Lewrie told himself, hoping that his phyz didn’t mirror the stricken feeling inside him. He’d been in “Cream-pot Love” with his late wife, Caroline, and had admitted “there’s a girl worth marrying … someday, perhaps,
maybe
!” before circumstances anent her future had dragooned him into proposing, to give her an out from the beastly attentions of her neighbour Harry Embleton, or her only other options: marry a much older tenant farmer, or take a position as governess to someone’s children, far from family.
“And, did you come to some conclusions?” Lewrie whimsically asked, wishing he could cross his fingers.
“God, the look on your face, Alan!” Lydia said, laughing out loud. “Have I frightened you into next week?”
“Astonished, not frightened, really,” Lewrie breezed off. “You have a knack for that,” he added with a teasing smile.
“As for Percy and Society, I don’t give a toss,” Lydia said with a cynical jerk of her head. “I’m
already
scandalous, so what else would they expect? And, no … as fond as I’ve become of you, I am not
that
un-conventional, at bottom. The man must do the asking. Lastly…”
“Hmm?” Lewrie prompted.
“Fond as I am, I would refuse,” Lydia told him, turning sombre.
“Mean t’say…?” Lewrie flummoxed.
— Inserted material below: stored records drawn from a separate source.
(* Let $G=G_{\mathbf E}$ be a multi-GGS group which is not the constant GGS group. Then $$N_{\mathrm{lab}(\Sigma)}(A)\le C(A)\qquad\text{and}\qquad N_{\mathrm{lab}(\Sigma)}(B)\le C(B),$$ where $C(\cdot)$ denotes the centraliser in $\mathrm{Aut}(X^* )$.
   Context: Let $p$ be an odd prime and $X=\{0,1,\dots,p-1\}$, identified with $\mathbb F_p$. $X^*$ is the $p$-regular rooted tree of finite words over $X$; $\mathrm{Aut}(X^* )$ acts on the right. Sections $g|_v$ are defined by $(vw)^g=v^g\,w^{g|_v}$, and the label $g|^v\in\mathrm{Sym}(X)$ is the permutation by which $g|_v$ acts on one-letter words. $\mathrm{Stab}(1)$ is the stabiliser of all one-letter words and $\psi_1\colon\mathrm{Stab}(1)\to\mathrm{Aut}(X^* )^p$, $g\mapsto(g|_0,\dots,g|_{p-1})$, is an isomorphism. $\sigma=(0\,1\,\cdots\,p-1)$, $\Sigma=\langle\sigma\rangle$; $a$ is the rooted automorphism acting as $\sigma$ on the first letter and trivially on the rest, $A=\langle a\rangle$. $\mathrm{lab}(\Sigma)=\{g\in\mathrm{Aut}(X^* )\mid g|^v\in\Sigma\text{ for all } v\in X^*\}$. Let $\mathbf E\le\mathbb F_p^{p-1}$ be a subspace of dimension $r\ge1$; $E$ is the $r\times(p-1)$ matrix whose rows form a fixed basis of $\mathbf E$, with columns $\mathbf e_1,\dots,\mathbf e_{p-1}$. For $\mathbf n\in\mathbb F_p^r$, $b^{\mathbf n}\in\mathrm{Stab}(1)$ is the unique automorphism with $\psi_1(b^{\mathbf n})=(b^{\mathbf n},a^{\mathbf n\cdot\mathbf e_1},\dots,a^{\mathbf n\cdot\mathbf e_{p-1}})$; $B=\{b^{\mathbf n}\}$. $G_{\mathbf E}$ is generated by $a$ and $B$; it is the constant GGS group if $\mathbf E=\{(\lambda,\dots,\lambda)\mid\lambda\in\mathbb F_p\}$. *)

theory Defs
  imports "HOL-Computational_Algebra.Primes"
begin

text \<open>Letters are 0..p-1 (identified with F_p); words are lists of letters.
 Automorphisms of the tree X^* act on the right; we represent g by the function
 w \<mapsto> w^g on words (extended by the identity outside words). Thus the product
 g h (first g, then h) is the function composition h \<circ> g.\<close>

definition words :: "nat \<Rightarrow> nat list set" where
  "words p = {w. set w \<subseteq> {..<p}}"

definition is_aut :: "nat \<Rightarrow> (nat list \<Rightarrow> nat list) \<Rightarrow> bool" where
  "is_aut p g \<longleftrightarrow> bij_betw g (words p) (words p)
     \<and> (\<forall>w. w \<notin> words p \<longrightarrow> g w = w)
     \<and> (\<forall>v w. v @ w \<in> words p \<longrightarrow>
          length (g (v @ w)) = length (v @ w) \<and> take (length v) (g (v @ w)) = g v)"

definition Aut :: "nat \<Rightarrow> (nat list \<Rightarrow> nat list) set" where
  "Aut p = {g. is_aut p g}"

text \<open>lab(Sigma): every label g|^v (the permutation x \<mapsto> last letter of (v x)^g)
 is a power of sigma = (0 1 ... p-1).\<close>
definition labSigma :: "nat \<Rightarrow> (nat list \<Rightarrow> nat list) set" where
  "labSigma p = {g \<in> Aut p. \<forall>v \<in> words p. \<exists>k. \<forall>x<p. g (v @ [x]) ! length v = (x + k) mod p}"

fun rot :: "nat \<Rightarrow> nat \<Rightarrow> nat list \<Rightarrow> nat list" where
  "rot p k [] = []"
| "rot p k (x # w) = ((x + k) mod p) # w"

definition aaut :: "nat \<Rightarrow> nat list \<Rightarrow> nat list" where
  "aaut p = (\<lambda>w. if w \<in> words p then rot p 1 w else w)"

definition Agrp :: "nat \<Rightarrow> (nat list \<Rightarrow> nat list) set" where
  "Agrp p = {aaut p ^^ k | k. True}"

definition vecs :: "nat \<Rightarrow> (nat \<Rightarrow> nat) set" where
  "vecs p = {u. \<forall>i. (i \<in> {1..<p} \<longrightarrow> u i < p) \<and> (i \<notin> {1..<p} \<longrightarrow> u i = 0)}"

definition subspace_Fp :: "nat \<Rightarrow> (nat \<Rightarrow> nat) set \<Rightarrow> bool" where
  "subspace_Fp p E \<longleftrightarrow> E \<subseteq> vecs p \<and> (\<lambda>_. 0) \<in> E
     \<and> (\<forall>u\<in>E. \<forall>v\<in>E. (\<lambda>i. (u i + v i) mod p) \<in> E)
     \<and> (\<forall>c<p. \<forall>u\<in>E. (\<lambda>i. (c * u i) mod p) \<in> E)"

text \<open>The subspace giving the constant GGS group.\<close>
definition constE :: "nat \<Rightarrow> (nat \<Rightarrow> nat) set" where
  "constE p = {u \<in> vecs p. \<exists>c<p. \<forall>i\<in>{1..<p}. u i = c}"

text \<open>b_u with psi_1(b_u) = (b_u, a^{u_1}, ..., a^{u_{p-1}}). For a basis matrix E,
 b^n = b_u with u = n E (so u_i = n . e_i), and B = {b_u | u \<in> E}.\<close>
fun bfun :: "nat \<Rightarrow> (nat \<Rightarrow> nat) \<Rightarrow> nat list \<Rightarrow> nat list" where
  "bfun p u [] = []"
| "bfun p u (x # w) = (if x = 0 then 0 # bfun p u w else x # rot p (u x) w)"

definition baut :: "nat \<Rightarrow> (nat \<Rightarrow> nat) \<Rightarrow> nat list \<Rightarrow> nat list" where
  "baut p u = (\<lambda>w. if w \<in> words p then bfun p u w else w)"

definition Bgrp :: "nat \<Rightarrow> (nat \<Rightarrow> nat) set \<Rightarrow> (nat list \<Rightarrow> nat list) set" where
  "Bgrp p E = baut p ` E"

definition centr :: "nat \<Rightarrow> (nat list \<Rightarrow> nat list) set \<Rightarrow> (nat list \<Rightarrow> nat list) set" where
  "centr p S = {g \<in> Aut p. \<forall>h\<in>S. g \<circ> h = h \<circ> g}"

definition normlab :: "nat \<Rightarrow> (nat list \<Rightarrow> nat list) set \<Rightarrow> (nat list \<Rightarrow> nat list) set" where
  "normlab p S = {g \<in> labSigma p. (\<lambda>h. g \<circ> h) ` S = (\<lambda>h. h \<circ> g) ` S}"

end

theory Submission
  imports Defs "HOL-Number_Theory.Cong"
begin

text \<open>An element g of lab(Sigma) acts at each vertex v by a rotation x \<mapsto> x + K v.
 If g normalises A, then g a = a^k g, and evaluating on one-letter words forces k = 1 mod p.
 If g normalises B, then g b_u = b_w g, and evaluating on the words [x, 0] gives
 u x = w (x + K []): conjugation by g shifts E cyclically by r = K []. All vectors of E vanish
 at the index 0, and a nonzero r generates Z/p, so a nonzero shift-closed E forces r = 0;
 then w = u, i.e. g commutes with b_u.\<close>

lemma in_words_iff: "xs \<in> words p \<longleftrightarrow> (\<forall>x\<in>set xs. x < p)"
  unfolding words_def by auto

lemma labSigma_subset_Aut: "labSigma p \<subseteq> Aut p"
  unfolding labSigma_def by auto

lemma normlab_conj:
  assumes "g \<in> normlab p S" and "h \<in> S"
  obtains h' where "h' \<in> S" and "g \<circ> h = h' \<circ> g"
proof -
  have "g \<circ> h \<in> (\<lambda>h. h \<circ> g) ` S"
    using assms unfolding normlab_def by blast
  then show ?thesis using that by blast
qed

lemma funpow_comp_commute: "g \<circ> f = f \<circ> g \<Longrightarrow> g \<circ> f ^^ n = f ^^ n \<circ> g"
proof (induction n)
  case (Suc n)
  then show ?case by (metis comp_assoc funpow_Suc_right)
qed simp

definition rot_labels :: "nat \<Rightarrow> (nat list \<Rightarrow> nat) \<Rightarrow> (nat list \<Rightarrow> nat list) \<Rightarrow> bool" where
  "rot_labels p K g \<longleftrightarrow> g [] = []
     \<and> (\<forall>v\<in>words p. \<forall>x<p. g (v @ [x]) = g v @ [(x + K v) mod p])"

lemma labSigma_rot_labels:
  assumes "g \<in> labSigma p"
  obtains K where "rot_labels p K g"
proof -
  have aut: "is_aut p g"
    and "\<forall>v\<in>words p. \<exists>k. \<forall>x<p. g (v @ [x]) ! length v = (x + k) mod p"
    using assms unfolding labSigma_def Aut_def by auto
  then obtain K where K: "\<And>v x. v \<in> words p \<Longrightarrow> x < p \<Longrightarrow> g (v @ [x]) ! length v = (x + K v) mod p"
    by metis
  have "g v @ [(x + K v) mod p] = g (v @ [x])" if "v \<in> words p" "x < p" for v x
  proof -
    have vx: "v @ [x] \<in> words p" using that by (simp add: in_words_iff)
    have "length (g (v @ [x])) = Suc (length v)" and "take (length v) (g (v @ [x])) = g v"
      using aut vx unfolding is_aut_def by auto
    then show ?thesis
      using K[OF that] take_Suc_conv_app_nth[of "length v" "g (v @ [x])"] by simp
  qed
  moreover have "g [] = []"
    using aut unfolding is_aut_def by (metis append_Nil in_words_iff empty_iff length_0_conv list.set(1))
  ultimately have "rot_labels p K g"
    unfolding rot_labels_def by simp
  then show ?thesis by (rule that)
qed

lemma rot_labels_one_letter:
  "rot_labels p K g \<Longrightarrow> x < p \<Longrightarrow> g [x] = [(x + K []) mod p]"
  unfolding rot_labels_def by (metis append_Nil empty_iff in_words_iff list.set(1))

lemma rot_labels_two_letters:
  assumes "rot_labels p K g" and "x < p" and "y < p"
  shows "g [x, y] = [(x + K []) mod p, (y + K [x]) mod p]"
proof -
  have "[x] \<in> words p" using assms(2) by (simp add: in_words_iff)
  then have "g ([x] @ [y]) = g [x] @ [(y + K [x]) mod p]"
    using assms(1,3) unfolding rot_labels_def by blast
  then show ?thesis using rot_labels_one_letter[OF assms(1,2)] by simp
qed

lemma rot_cong: "[k = l] (mod p) \<Longrightarrow> rot p k w = rot p l w"
  by (cases w) (simp_all add: cong_def, metis mod_add_right_eq)

lemma rot_in_words: "p > 0 \<Longrightarrow> w \<in> words p \<Longrightarrow> rot p k w \<in> words p"
  by (cases w) (simp_all add: in_words_iff)

lemma aaut_funpow: "p > 0 \<Longrightarrow> (aaut p ^^ k) w = (if w \<in> words p then rot p k w else w)"
proof (induction k)
  case 0
  then show ?case by (cases w) (simp_all add: in_words_iff)
next
  case (Suc k)
  have "rot p 1 (rot p k w) = rot p (Suc k) w"
    by (cases w) (simp_all add: mod_Suc_eq)
  with Suc show ?case by (simp add: aaut_def rot_in_words)
qed

lemma aaut_funpow_cong: "p > 0 \<Longrightarrow> [k = l] (mod p) \<Longrightarrow> aaut p ^^ k = aaut p ^^ l"
  by (rule ext) (simp add: aaut_funpow rot_cong)

lemma normlab_Agrp_subset_centr:
  assumes "p > 0"
  shows "normlab p (Agrp p) \<subseteq> centr p (Agrp p)"
proof
  fix g assume g: "g \<in> normlab p (Agrp p)"
  then have gL: "g \<in> labSigma p" unfolding normlab_def by simp
  obtain K where K: "rot_labels p K g" using labSigma_rot_labels[OF gL] .
  have "aaut p \<in> Agrp p" unfolding Agrp_def by (intro CollectI exI[of _ "1::nat"]) simp
  then obtain k where k: "g \<circ> aaut p = aaut p ^^ k \<circ> g"
    using normlab_conj[OF g] unfolding Agrp_def by blast
  have a0: "aaut p [0] = [1 mod p]"
    using assms by (simp add: aaut_def in_words_iff)
  have g0: "g [0] = [K [] mod p]" and g1: "g [1 mod p] = [(1 mod p + K []) mod p]"
    using assms by (simp_all add: rot_labels_one_letter[OF K])
  have ak: "(aaut p ^^ k) [K [] mod p] = [(K [] mod p + k) mod p]"
    using assms by (simp add: aaut_funpow in_words_iff)
  have "g (aaut p [0]) = (aaut p ^^ k) (g [0])"
    using k by (metis comp_apply)
  then have "[(1 mod p + K []) mod p] = [(K [] mod p + k) mod p]"
    by (simp only: a0 g0 g1 ak)
  then have "[K [] + 1 = K [] + k] (mod p)"
    unfolding cong_def list.inject mod_add_left_eq by (simp only: add.commute)
  then have "[1 = k] (mod p)"
    by (simp only: cong_add_lcancel_nat)
  then have "aaut p ^^ k = aaut p ^^ 1"
    by (rule aaut_funpow_cong[OF assms cong_sym])
  with k have "g \<circ> aaut p = aaut p \<circ> g" by simp
  then have "g \<circ> aaut p ^^ n = aaut p ^^ n \<circ> g" for n
    by (rule funpow_comp_commute)
  then have "\<forall>h\<in>Agrp p. g \<circ> h = h \<circ> g"
    unfolding Agrp_def by blast
  moreover have "g \<in> Aut p" using gL labSigma_subset_Aut by blast
  ultimately show "g \<in> centr p (Agrp p)"
    unfolding centr_def by simp
qed

lemma vecs_lt: "u \<in> vecs p \<Longrightarrow> p > 0 \<Longrightarrow> u x < p"
  unfolding vecs_def by (cases "x \<in> {1..<p}") auto

lemma vecs_eqI:
  assumes "u \<in> vecs p" and "w \<in> vecs p" and "\<And>x. x < p \<Longrightarrow> u x = w x"
  shows "u = w"
proof
  fix x show "u x = w x"
    using assms unfolding vecs_def by (cases "x < p") auto
qed

lemma baut_two_letters:
  assumes "u \<in> vecs p" and "x < p" and "y < p"
  shows "baut p u [x, y] = [x, (y + u x) mod p]"
proof -
  have "u 0 = 0" using assms(1) unfolding vecs_def by simp
  moreover have "[x, y] \<in> words p" using assms(2,3) by (simp add: in_words_iff)
  ultimately show ?thesis using assms(3) by (cases "x = 0") (simp_all add: baut_def)
qed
Not that he
would
be asking, but it irked that she would have spurned him if he had!
“After all I’ve been through, Alan, my dear, I’ve too many fears to be settled, before I place myself, and my heart, at the mercy of
any
man again, without knowing him so completely that I could overcome my trepidations. I told you once, remember?” she slowly explained.
“At the Cocoa Tree, wasn’t it?” Lewrie replied. “Tea and scones in a quiet corner, while Percy was in the Long Rooms, gambling. You told me you’d never willingly re-enter such a slavish institution as marriage. And what did I tell you?”
“To suit myself, and enjoy my life,” Lydia replied, grinning, pleased that he could recall.
“
Do
you enjoy your life?” Lewrie asked her softly.
“I began to, that very night,” she answered, “and ’til now, I must own that I have, immensely. But I would not marry you. Even for a sea voyage to the splendours of Cathay. Not yet.”
“Call it early days?” Lewrie fondly teased.
“Early days,” Lydia whispered back, beaming at him, though he discerned the rising moisture in her eyes. Before her tears came, he scooped her to him and kissed her long and gently.
“I will pack and coach back to London tomorrow,” she told him, her face pressed to his gilt-laced coat collar. “You will have many things to attend to, and I would be in the way … at the best, quite ignored, so…”
“I’ll settle your lodgings,” Lewrie offered.
“You will not!” she chuckled for a moment. “You, as you said, are ‘comfortable’, but
I
am rich. Consider it my gift to you.”
“Your being here’s been the real gift,” Lewrie assured her.
“That night at the Cocoa Tree, later that night,” Lydia teased. “Recall where we went?”
“Your house in Grosvenor Street,” Lewrie supplied promptly.
“And what did I ask you there, dear Alan?”
“You said … ‘Make love to me’,” Lewrie quite
gladly
recalled, leaning back to look her in the eyes, knowing that he was beaming like the hugest fool in the Universe.
“Such a
keen
memory you have!” she praised him. “Do, please?”